═════ Records for this task

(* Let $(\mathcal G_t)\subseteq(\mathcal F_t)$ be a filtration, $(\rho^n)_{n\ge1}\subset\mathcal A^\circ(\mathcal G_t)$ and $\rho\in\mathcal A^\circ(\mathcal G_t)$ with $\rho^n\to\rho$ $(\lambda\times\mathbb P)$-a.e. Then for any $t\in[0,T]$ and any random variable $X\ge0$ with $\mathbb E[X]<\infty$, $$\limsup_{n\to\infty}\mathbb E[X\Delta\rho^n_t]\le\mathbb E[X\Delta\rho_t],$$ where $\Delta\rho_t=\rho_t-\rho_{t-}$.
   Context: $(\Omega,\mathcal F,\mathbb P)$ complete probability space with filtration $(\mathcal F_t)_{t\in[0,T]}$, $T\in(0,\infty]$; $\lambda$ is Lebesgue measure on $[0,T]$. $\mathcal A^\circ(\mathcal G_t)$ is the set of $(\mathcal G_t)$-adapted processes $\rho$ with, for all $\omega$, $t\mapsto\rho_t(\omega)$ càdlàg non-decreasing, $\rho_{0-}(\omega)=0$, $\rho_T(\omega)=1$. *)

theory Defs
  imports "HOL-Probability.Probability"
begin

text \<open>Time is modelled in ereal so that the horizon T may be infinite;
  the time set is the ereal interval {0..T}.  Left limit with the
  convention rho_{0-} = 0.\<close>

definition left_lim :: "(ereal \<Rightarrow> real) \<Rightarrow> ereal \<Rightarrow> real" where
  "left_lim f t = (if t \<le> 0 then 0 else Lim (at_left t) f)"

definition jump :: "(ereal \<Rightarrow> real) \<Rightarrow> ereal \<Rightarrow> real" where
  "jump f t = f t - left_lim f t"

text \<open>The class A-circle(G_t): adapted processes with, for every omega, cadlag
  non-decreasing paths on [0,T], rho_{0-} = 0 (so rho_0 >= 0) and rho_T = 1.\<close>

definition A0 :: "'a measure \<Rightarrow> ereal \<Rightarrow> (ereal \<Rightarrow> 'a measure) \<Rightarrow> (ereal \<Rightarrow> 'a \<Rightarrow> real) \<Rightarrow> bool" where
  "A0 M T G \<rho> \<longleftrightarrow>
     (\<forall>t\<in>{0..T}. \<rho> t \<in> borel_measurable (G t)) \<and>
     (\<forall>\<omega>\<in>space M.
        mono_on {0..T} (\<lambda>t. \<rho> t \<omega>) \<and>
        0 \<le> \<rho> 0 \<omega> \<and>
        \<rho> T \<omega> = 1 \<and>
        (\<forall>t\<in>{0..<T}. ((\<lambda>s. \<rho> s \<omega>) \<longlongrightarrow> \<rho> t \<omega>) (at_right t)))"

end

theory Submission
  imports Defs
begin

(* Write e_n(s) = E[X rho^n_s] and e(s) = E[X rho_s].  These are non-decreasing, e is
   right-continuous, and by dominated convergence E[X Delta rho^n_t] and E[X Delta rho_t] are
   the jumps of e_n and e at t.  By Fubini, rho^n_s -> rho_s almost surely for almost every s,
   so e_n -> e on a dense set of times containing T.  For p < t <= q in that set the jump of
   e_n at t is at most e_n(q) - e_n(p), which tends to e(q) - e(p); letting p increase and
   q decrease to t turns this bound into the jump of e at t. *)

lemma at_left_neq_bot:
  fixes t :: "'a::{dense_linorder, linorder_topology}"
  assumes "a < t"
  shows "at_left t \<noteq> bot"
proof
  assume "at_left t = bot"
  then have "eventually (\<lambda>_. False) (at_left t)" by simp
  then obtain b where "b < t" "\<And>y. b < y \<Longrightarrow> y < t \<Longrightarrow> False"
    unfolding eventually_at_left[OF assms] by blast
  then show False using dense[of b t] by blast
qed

══════════

_Exercise details_:
Set down the entries again, exactly as they stand above.

_The answer_:
(* Let $(\mathcal G_t)\subseteq(\mathcal F_t)$ be a filtration, $(\rho^n)_{n\ge1}\subset\mathcal A^\circ(\mathcal G_t)$ and $\rho\in\mathcal A^\circ(\mathcal G_t)$ with $\rho^n\to\rho$ $(\lambda\times\mathbb P)$-a.e. Then for any $t\in[0,T]$ and any random variable $X\ge0$ with $\mathbb E[X]<\infty$, $$\limsup_{n\to\infty}\mathbb E[X\Delta\rho^n_t]\le\mathbb E[X\Delta\rho_t],$$ where $\Delta\rho_t=\rho_t-\rho_{t-}$.
   Context: $(\Omega,\mathcal F,\mathbb P)$ complete probability space with filtration $(\mathcal F_t)_{t\in[0,T]}$, $T\in(0,\infty]$; $\lambda$ is Lebesgue measure on $[0,T]$. $\mathcal A^\circ(\mathcal G_t)$ is the set of $(\mathcal G_t)$-adapted processes $\rho$ with, for all $\omega$, $t\mapsto\rho_t(\omega)$ càdlàg non-decreasing, $\rho_{0-}(\omega)=0$, $\rho_T(\omega)=1$. *)

theory Defs
  imports "HOL-Probability.Probability"
begin

text \<open>Time is modelled in ereal so that the horizon T may be infinite;
  the time set is the ereal interval {0..T}.  Left limit with the
  convention rho_{0-} = 0.\<close>

definition left_lim :: "(ereal \<Rightarrow> real) \<Rightarrow> ereal \<Rightarrow> real" where
  "left_lim f t = (if t \<le> 0 then 0 else Lim (at_left t) f)"

definition jump :: "(ereal \<Rightarrow> real) \<Rightarrow> ereal \<Rightarrow> real" where
  "jump f t = f t - left_lim f t"

text \<open>The class A-circle(G_t): adapted processes with, for every omega, cadlag
  non-decreasing paths on [0,T], rho_{0-} = 0 (so rho_0 >= 0) and rho_T = 1.\<close>

definition A0 :: "'a measure \<Rightarrow> ereal \<Rightarrow> (ereal \<Rightarrow> 'a measure) \<Rightarrow> (ereal \<Rightarrow> 'a \<Rightarrow> real) \<Rightarrow> bool" where
  "A0 M T G \<rho> \<longleftrightarrow>
     (\<forall>t\<in>{0..T}. \<rho> t \<in> borel_measurable (G t)) \<and>
     (\<forall>\<omega>\<in>space M.
        mono_on {0..T} (\<lambda>t. \<rho> t \<omega>) \<and>
        0 \<le> \<rho> 0 \<omega> \<and>
        \<rho> T \<omega> = 1 \<and>
        (\<forall>t\<in>{0..<T}. ((\<lambda>s. \<rho> s \<omega>) \<longlongrightarrow> \<rho> t \<omega>) (at_right t)))"

end

theory Submission
  imports Defs
begin

(* Write e_n(s) = E[X rho^n_s] and e(s) = E[X rho_s].  These are non-decreasing, e is
   right-continuous, and by dominated convergence E[X Delta rho^n_t] and E[X Delta rho_t] are
   the jumps of e_n and e at t.  By Fubini, rho^n_s -> rho_s almost surely for almost every s,
   so e_n -> e on a dense set of times containing T.  For p < t <= q in that set the jump of
   e_n at t is at most e_n(q) - e_n(p), which tends to e(q) - e(p); letting p increase and
   q decrease to t turns this bound into the jump of e at t. *)

lemma at_left_neq_bot:
  fixes t :: "'a::{dense_linorder, linorder_topology}"
  assumes "a < t"
  shows "at_left t \<noteq> bot"
proof
  assume "at_left t = bot"
  then have "eventually (\<lambda>_. False) (at_left t)" by simp
  then obtain b where "b < t" "\<And>y. b < y \<Longrightarrow> y < t \<Longrightarrow> False"
    unfolding eventually_at_left[OF assms] by blast
  then show False using dense[of b t] by blast
qed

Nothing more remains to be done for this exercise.